In other cases indigene certificates are improperly issued by local officials acting out of a sense of solidarity with ethnic kinsmen who they know to be indigenes of some other place.  In Kaduna, for example, Hausa officials are often accused of knowingly issuing indigene certificates to Hausa people who immigrate from other states.  The attorney general of Kaduna State acknowledged that this problem was rampant in his state’s predominantly Hausa LGAs.  “Often they get away with it,” he said.  “Since they mix very easily by appearance it is hard to identify them.”64

The flip side to this problem is that in some cases local officials improperly deny indigene certificates to people with legitimate claims to indigene status because of their ethnicity or religion.  Some local government officials in the predominantly Muslim states in the north of Nigeria, for example, refuse to issue indigene certificates to Christian indigenes.  One Christian indigene of Katsina State told Human Rights Watch that when she applied for an indigene certificate in her local government of origin she was denied it because of her non-Muslim appearance.  When the officials saw her passport photograph, in which her head was uncovered, she said that they accused her of fraud, asking “Why is she not covering herself if she is an indigene?” She was eventually given the form only after submitting another application with a photo attached showing her with her head covered with a scarf. 

Theatres of Government-Sponsored Discrimination Against Non-Indigenes 

Public sector employment 

The public sector is one of Nigeria’s largest sources of employment opportunity.65 In an economy suffering from high levels of unemployment and chronic poverty, recruitment into the civil service or some other government institution is the only realistic hope many Nigerians have of socio-economic advancement.  Stable employment is also one of the few tangible benefits ordinary Nigerians can expect to receive from a government that has largely failed to provide for the needs of its citizens. 

Increasingly, however, non-indigenes find themselves denied the right even to compete for government jobs and are unable to obtain equal terms of service with indigenes when they do manage to obtain public sector employment.
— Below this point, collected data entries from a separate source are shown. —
(* Let $K\subset S^3$ be a knot and $C_0=CFK^-(K)$, viewed as a $(\mathbb{Z},U)$-filtered complex filtered by the Alexander grading $A$. Choose a horizontally simplified basis $\{x_1,\dots,x_N,y_1,\dots,y_N,z\}$ of $C_0$ over $\mathbb{F}[U]$. The $\mathbb{F}$-basis of $C_0$ then consists of the homogeneous elements $U^m w$ with $m\ge 0$ and $w$ in this basis; in particular $\partial_H(y_1)=U^{r_1}x_1$ with $r_1>0$. Define the following objects. - Let $h_1:C_0\to C_0$ be the $\mathbb{F}$-linear map with $h_1(U^{r_1+n}x_1)=U^ny_1$ for all $n\ge 0$, and $h_1=0$ on all other homogeneous basis elements. - Let $C_1$ be the $\mathbb{F}$-span of all homogeneous basis elements except $U^{r_1+n}x_1$ and $U^ny_1$ ($n\ge0$), with projection $\pi:C_0\to C_1$ and inclusion $\iota:C_1\to C_0$. - Set $\partial_1=\pi\circ(\partial+\partial h_1\partial)\circ\iota$, $U_1=\pi\circ(U+\partial h_1U)\circ\iota$, and $A_1=A\circ\iota$. Then $(C_1,\partial_1,A_1,U_1)$ is a $(\mathbb{Z},U)$-filtered chain deformation retract of $C_0$, via the maps $f_1=\pi\circ(I+\partial h_1)$ and $g_1=(I+h_1\partial)\circ\iota$.
   Context: Coefficients are in $\mathbb{F}=\mathbb{Z}/2$. $CFK^-(K)$ is the Ozsváth–Szabó knot Floer complex. It is freely generated over $\mathbb{F}[U]$ by finitely many homogeneous generators and carries an Alexander filtration with $A(U^nx)=A(x)-n$ and $A(\sum_i y_i)=\max_i A(y_i)$ for homogeneous $y_i$. It also carries a Maslov grading, lowered by $1$ by $\partial$ and by $2$ by $U$. For a homogeneous element $w$, $\partial_H(w)$ (the horizontal differential) is the sum of the terms of $\partial w$ whose Alexander grading equals $A(w)$. A basis $\{x_i,y_i,z\}$ over $\mathbb{F}[U]$ is horizontally simplified if $\partial_H(y_i)=U^{r_i}x_i$ for some $r_i>0$ and $\partial_H(x_i)=\partial_H(z)=0$. A $\mathbb{Z}$-filtration is a function $F$ with $F(x+y)\le\max(F(x),F(y))$, $F(\partial x)\le F(x)$, and $F^{-1}(-\infty)=\{0\}$. A $(\mathbb{Z},U)$-filtered complex is a filtered complex with a specified filtered chain map $U$. $C'$ is a $(\mathbb{Z},U)$-filtered chain deformation retract of $C$ if there are filtered chain maps $f:C\to C'$ and $g:C'\to C$ satisfying: - $fg=I_{C'}$; - $gf=I+\partial h+h\partial$ for a filtered map $h$; - $fU\sim U'f$ and $gU'\sim Ug$, where $\sim$ denotes filtered chain homotopy. *)

theory Defs
  imports Main "HOL-Library.Z2" "HOL-Library.Poly_Mapping" "HOL-Library.Option_ord"
begin

text \<open>Vector spaces over F = Z/2 are modelled by a carrier set V inside an
  abelian group type 'v (in which x + x = 0).  Over Z/2 a map is linear iff it
  is additive.  A Z-filtration takes values in int option, where None plays
  the role of minus infinity (None is the bottom element of the order).\<close>

definition subspace2 :: "'v::ab_group_add set \<Rightarrow> bool" where
  "subspace2 V \<longleftrightarrow> 0 \<in> V \<and> (\<forall>x\<in>V. \<forall>y\<in>V. x + y \<in> V)"

definition lin2 :: "'v::ab_group_add set \<Rightarrow> 'w::ab_group_add set \<Rightarrow> ('v \<Rightarrow> 'w) \<Rightarrow> bool" where
  "lin2 V W f \<longleftrightarrow> (\<forall>x\<in>V. f x \<in> W) \<and> (\<forall>x\<in>V. \<forall>y\<in>V. f (x + y) = f x + f y)"

definition chain_complex :: "'v::ab_group_add set \<Rightarrow> ('v \<Rightarrow> 'v) \<Rightarrow> bool" where
  "chain_complex V d \<longleftrightarrow> subspace2 V \<and> lin2 V V d \<and> (\<forall>x\<in>V. d (d x) = 0)"

definition Z_filtration :: "'v::ab_group_add set \<Rightarrow> ('v \<Rightarrow> 'v) \<Rightarrow> ('v \<Rightarrow> int option) \<Rightarrow> bool" where
  "Z_filtration V d F \<longleftrightarrow>
     (\<forall>x\<in>V. \<forall>y\<in>V. F (x + y) \<le> max (F x) (F y)) \<and>
     (\<forall>x\<in>V. F (d x) \<le> F x) \<and>
     (\<forall>x\<in>V. F x = None \<longleftrightarrow> x = 0)"

definition filtered_map :: "'v set \<Rightarrow> ('v \<Rightarrow> int option) \<Rightarrow> ('w \<Rightarrow> int option) \<Rightarrow> ('v \<Rightarrow> 'w) \<Rightarrow> bool" where
  "filtered_map V F G f \<longleftrightarrow> (\<forall>x\<in>V. G (f x) \<le> F x)"

definition filtered_chain_map ::
  "'v::ab_group_add set \<Rightarrow> ('v \<Rightarrow> 'v) \<Rightarrow> ('v \<Rightarrow> int option) \<Rightarrow>
   'w::ab_group_add set \<Rightarrow> ('w \<Rightarrow> 'w) \<Rightarrow> ('w \<Rightarrow> int option) \<Rightarrow> ('v \<Rightarrow> 'w) \<Rightarrow> bool" where
  "filtered_chain_map V d F W d' G f \<longleftrightarrow>
     lin2 V W f \<and> filtered_map V F G f \<and> (\<forall>x\<in>V. f (d x) = d' (f x))"

text \<open>Filtered chain homotopy between two maps V \<rightarrow> W (over Z/2, f - f' = f + f').\<close>
definition filtered_homotopic ::
  "'v::ab_group_add set \<Rightarrow> ('v \<Rightarrow> 'v) \<Rightarrow> ('v \<Rightarrow> int option) \<Rightarrow>
   'w::ab_group_add set \<Rightarrow> ('w \<Rightarrow> 'w) \<Rightarrow> ('w \<Rightarrow> int option) \<Rightarrow>
   ('v \<Rightarrow> 'w) \<Rightarrow> ('v \<Rightarrow> 'w) \<Rightarrow> bool" where
  "filtered_homotopic V d F W d' G f f' \<longleftrightarrow>
     (\<exists>H. lin2 V W H \<and> filtered_map V F G H \<and>
          (\<forall>x\<in>V. f x + f' x = d' (H x) + H (d x)))"

definition ZU_filtered_complex ::
  "'v::ab_group_add set \<Rightarrow> ('v \<Rightarrow> 'v) \<Rightarrow> ('v \<Rightarrow> int option) \<Rightarrow> ('v \<Rightarrow> 'v) \<Rightarrow> bool" where
  "ZU_filtered_complex V d F U \<longleftrightarrow>
     chain_complex V d \<and> Z_filtration V d F \<and> filtered_chain_map V d F V d F U"

definition ZU_deformation_retract ::
  "'v::ab_group_add set \<Rightarrow> ('v \<Rightarrow> 'v) \<Rightarrow> ('v \<Rightarrow> int option) \<Rightarrow> ('v \<Rightarrow> 'v) \<Rightarrow>
   'w::ab_group_add set \<Rightarrow> ('w \<Rightarrow> 'w) \<Rightarrow> ('w \<Rightarrow> int option) \<Rightarrow> ('w \<Rightarrow> 'w) \<Rightarrow>
   ('v \<Rightarrow> 'w) \<Rightarrow> ('w \<Rightarrow> 'v) \<Rightarrow> bool" where
  "ZU_deformation_retract C d F U C' d' F' U' f g \<longleftrightarrow>
     ZU_filtered_complex C d F U \<and> ZU_filtered_complex C' d' F' U' \<and>
     filtered_chain_map C d F C' d' F' f \<and> filtered_chain_map C' d' F' C d F g \<and>
     (\<forall>x\<in>C'. f (g x) = x) \<and>
     (\<exists>h. lin2 C C h \<and> filtered_map C F F h \<and>
          (\<forall>x\<in>C. g (f x) = x + d (h x) + h (d x))) \<and>
     filtered_homotopic C d F C' d' F' (\<lambda>x. f (U x)) (\<lambda>x. U' (f x)) \<and>
     filtered_homotopic C' d' F' C d F (\<lambda>x. g (U' x)) (\<lambda>x. U (g x))"

text \<open>An element of a free F[U]-module with F[U]-basis indexed by 'g is an
  F-linear combination of the F-basis elements U^m w, encoded as (w, m).\<close>
type_synonym 'g chain = "('g \<times> nat) \<Rightarrow>\<^sub>0 bit"

definition basis_el :: "'g \<Rightarrow> nat \<Rightarrow> 'g chain" where
  "basis_el w m = Poly_Mapping.single (w, m) 1"

text \<open>F-linear extension of a map given on the F-basis (coefficients are 0 or 1).\<close>
definition lin_ext :: "('g \<times> nat \<Rightarrow> 'v::comm_monoid_add) \<Rightarrow> 'g chain \<Rightarrow> 'v" where
  "lin_ext \<phi> c = (\<Sum>p\<in>Poly_Mapping.keys c. \<phi> p)"

definition Upow :: "nat \<Rightarrow> 'g chain \<Rightarrow> 'g chain" where
  "Upow m = lin_ext (\<lambda>(w, k). basis_el w (k + m))"

definition bdry :: "('g \<Rightarrow> 'g chain) \<Rightarrow> 'g chain \<Rightarrow> 'g chain" where
  "bdry d = lin_ext (\<lambda>(w, m). Upow m (d w))"

definition gr_el :: "('g \<Rightarrow> int) \<Rightarrow> 'g \<times> nat \<Rightarrow> int" where
  "gr_el A p = A (fst p) - int (snd p)"

definition maslov_el :: "('g \<Rightarrow> int) \<Rightarrow> 'g \<times> nat \<Rightarrow> int" where
  "maslov_el M p = M (fst p) - 2 * int (snd p)"

definition alex :: "('g \<Rightarrow> int) \<Rightarrow> 'g chain \<Rightarrow> int option" where
  "alex A c = (if c = 0 then None else Some (Max (gr_el A ` Poly_Mapping.keys c)))"

definition horiz :: "('g \<Rightarrow> int) \<Rightarrow> ('g \<Rightarrow> 'g chain) \<Rightarrow> 'g \<Rightarrow> 'g chain" where
  "horiz A d w = (\<Sum>p\<in>Poly_Mapping.keys (d w). if gr_el A p = A w then Poly_Mapping.single p 1 else 0)"

text \<open>The data (Alexander grading A, Maslov grading M, differential d on generators)
  defines a free, finitely generated, bigraded, Alexander-filtered F[U]-complex.\<close>
definition knot_like_complex :: "('g::finite \<Rightarrow> int) \<Rightarrow> ('g \<Rightarrow> int) \<Rightarrow> ('g \<Rightarrow> 'g chain) \<Rightarrow> bool" where
  "knot_like_complex A M d \<longleftrightarrow>
     (\<forall>w. bdry d (d w) = 0) \<and>
     (\<forall>w. \<forall>p\<in>Poly_Mapping.keys (d w). maslov_el M p = M w - 1) \<and>
     (\<forall>w. \<forall>p\<in>Poly_Mapping.keys (d w). gr_el A p \<le> A w)"

definition horiz_simplified ::
  "('g \<Rightarrow> int) \<Rightarrow> ('g \<Rightarrow> 'g chain) \<Rightarrow> nat \<Rightarrow> (nat \<Rightarrow> 'g) \<Rightarrow> (nat \<Rightarrow> 'g) \<Rightarrow> 'g \<Rightarrow> (nat \<Rightarrow> nat) \<Rightarrow> bool" where
  "horiz_simplified A d N x y z r \<longleftrightarrow>
     inj_on x {1..N} \<and> inj_on y {1..N} \<and>
     x ` {1..N} \<inter> y ` {1..N} = {} \<and> z \<notin> x ` {1..N} \<and> z \<notin> y ` {1..N} \<and>
     x ` {1..N} \<union> y ` {1..N} \<union> {z} = UNIV \<and>
     (\<forall>i\<in>{1..N}. 0 < r i \<and> horiz A d (y i) = basis_el (x i) (r i) \<and> horiz A d (x i) = 0) \<and>
     horiz A d z = 0"


definition excl1 :: "'g \<Rightarrow> 'g \<Rightarrow> nat \<Rightarrow> ('g \<times> nat) set" where
  "excl1 x1 y1 r1 = {p. (fst p = x1 \<and> r1 \<le> snd p) \<or> fst p = y1}"

definition h1_map :: "'g \<Rightarrow> 'g \<Rightarrow> nat \<Rightarrow> 'g chain \<Rightarrow> 'g chain" where
  "h1_map x1 y1 r1 = lin_ext (\<lambda>(w, m). if w = x1 \<and> r1 \<le> m then basis_el y1 (m - r1) else 0)"

text \<open>C_1: the F-span of the remaining F-basis elements (a subspace of C_0,
  so the inclusion \<iota> is the identity on it).\<close>
definition C1_set :: "'g \<Rightarrow> 'g \<Rightarrow> nat \<Rightarrow> 'g chain set" where
  "C1_set x1 y1 r1 = {c. Poly_Mapping.keys c \<inter> excl1 x1 y1 r1 = {}}"

definition proj1 :: "'g \<Rightarrow> 'g \<Rightarrow> nat \<Rightarrow> 'g chain \<Rightarrow> 'g chain" where
  "proj1 x1 y1 r1 = lin_ext (\<lambda>p. if p \<in> excl1 x1 y1 r1 then 0 else Poly_Mapping.single p 1)"

end

theory Submission
  imports Defs HOL.Modules
begin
Many Nigerian state governments have implemented policies that deny non-indigenes the right to compete for most civil service positions, while also eliminating non-indigenes’ right to retirement pensions and the right to contest seemingly unfair layoffs if they are hired.  This discrimination is also reflected in state policies that prevent non-indigenes from competing for some positions at the federal level as well.

In Kaduna, Kano and Plateau States, government policy is not to hire non-indigenes into the state civil service unless there are no qualified indigene applicants for a position.  Even then, non-indigenes are employed on a “contract” rather than a “permanent and pensionable” basis.  Contract employees are ineligible for government pensions and can be fired at will should the civil service decide to replace them with indigene job seekers.  In interviews with Human Rights Watch, high-ranking state government officials, including spokespeople for the governors of Plateau and Kano States and the attorney general of Kaduna State, said quite candidly that the policy of their administrations was not to hire non-indigenes into the state public service unless there were no indigenes qualified to fill certain positions.66   The Kaduna State attorney general, for example, described the idea of allowing non-indigenes to compete for civil service positions as “unnecessary and totally unacceptable” except in “specialized fields that may require skills that we [Kaduna state indigenes] do not have.”67

However, in all three states discriminatory hiring policies are not mandated by state law or even by the hiring guidelines published by the states’ civil service commissions.68 Nonetheless such discrimination has become an accepted norm perpetuated by local, state and to a lesser extent federal government officials.  One civil servant who had until recently worked for the Kaduna State civil service commission told Human Rights Watch:

The state Civil Service Commission does deny permanent and pensionable appointments to non-indigenes… There is no written policy to that effect; it is very informal.  But everyone is made to understand that—it’s an open thing, people will tell us openly that we are not to employ non-indigenes.69

Other civil servants directly involved with hiring and promotion decisions refused to discuss the details of their states’ hiring practices with Human Rights Watch, except to say that there was no publicly available law or written policy that required them to discriminate against non-indigenes.   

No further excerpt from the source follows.